If this is the correct position, then to calculate the path difference (being the difference in distance traveled by the two waves from their respective sources to a given point on the pattern) would this be the difference between the wavelength of the wave emitted from the LH speaker and the difference between the wavelength of the wave from the RH speaker?
If this is the case, then the wavelength of the LH speaker at the purple arrow is 12cm=12m and the wavelength of the RH speaker is 4cm=4m (which hopefully you can see from my diagram).
Thus, the path difference would be equal to 12cm-4cm =8cm = 8m

Question 3:
a. Please see my diagram attached. I think that a person standing at point P will hear a quiet sound, as the wave from speaker (a compression) superposes the wave from B (a rarefaction) meaning the waves are out of phase, resulting in destructive interference to produce a smaller amplitude wave. If the two waves are exactly out-of-phase, meaning their phase difference is 180 degrees, then the resultant is a zero amplitude wave. Since the amplitude of a sound wave determines its loudness or volume, the decreased amplitude will reduce the noise heard by the person at point P from the speakers.

b.
The frequency is the number of complete wave cycles per second and corresponds to the pitch of the sound one would hear. Therefore, by increasing the frequency of the speakers a person walking parallel to the speakers would hear a higher pitched noise as the frequency was increased.
Moreover, the wave equation, v=f*λ shows that providing v remains constant, any increase in frequency must cause a reduction in wavelength, increasing the pitch. By increasing the frequency, on a time axis, the sound wave should compress and you can hear the sound at faster speed.

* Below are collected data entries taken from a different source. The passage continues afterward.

lemma information_dim_gt_4: "information_dim > 4"
proof -
  have "(4 :: enat) < enat 5"
    by (simp add: numeral_eq_enat)
  also have "enat 5 \<le> information_dim"
    unfolding information_dim_def using pairwise_distinguishable_five_states by (blast intro: Sup_upper)
  finally show ?thesis .
qed

theorem corollary1:
  shows "information_dim > 4 \<and> operational_dim = 4"
  using information_dim_gt_4 operational_dim_eq_4 by blast

end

Do you think that the question was hinting about the changes to pitch here or have I answered along the wrong train of thought?

Attachments

• Original Question Diagram.png
3.8 KB · Views: 221
• Question 1 b diagram.jpg
73.9 KB · Views: 207
• Question 3. a diagram .jpg
64.8 KB · Views: 210
AN630078 said:
I would very much appreciate any suggestions to improve my diagram

Problem statement said:
so you may want to use compasses to draw them
Is the first that comes to mind

AN630078 said:
Question 2:
I am not certain how to accomplish this, where the question states the "second minimum from the centre" does it mean the second trough from the centre, where a trough corresponds to a rarefaction?
No. A minimum is where
AN630078 said:
they produce a smaller or zero-amplitude wave
like where you drew the crosses.

AN630078 said:
these areas I have marked with crosses
first because a cross marks a point, not an area. but second because it gives the impression that they are areas. The are not: they are lines of points with the common characteristic that the distances to the speakers differ by ##n\pm{1\over 4}## wavelength

Third because "where a trough corresponds to a rarefaction" is not a stationary point ! Both waves move, in opposite directions on the axis.

AN630078 said:
Question 3:
a. Please see my diagram attached
Go find yourself compasses ! The dots on the symmetry axis should form a horizontal line.

I agree with "quiet sound".

b. Funny question. The pattern moves and the person moves too. More info is needed to give a decent answer.

BvU said:
Is the first that comes to mind

No. A minimum is where
like where you drew the crosses.

first because a cross marks a point, not an area. but second because it gives the impression that they are areas. The are not: they are lines of points with the common characteristic that the distances to the speakers differ by n±14 wavelength

Third because "where a trough corresponds to a rarefaction" is not a stationary point ! Both waves move, in opposite directions on the axis.

Go find yourself compasses ! The dots on the symmetry axis should form a horizontal line.

I agree with "quiet sound".

b. Funny question. The pattern moves and the person moves too. More info is needed to give a decent answer.
Thank you very much for your reply. I seem to have misplaced my compass which is why my diagrams are rather crude, I will keep searching and redraw them accordingly once I have found it.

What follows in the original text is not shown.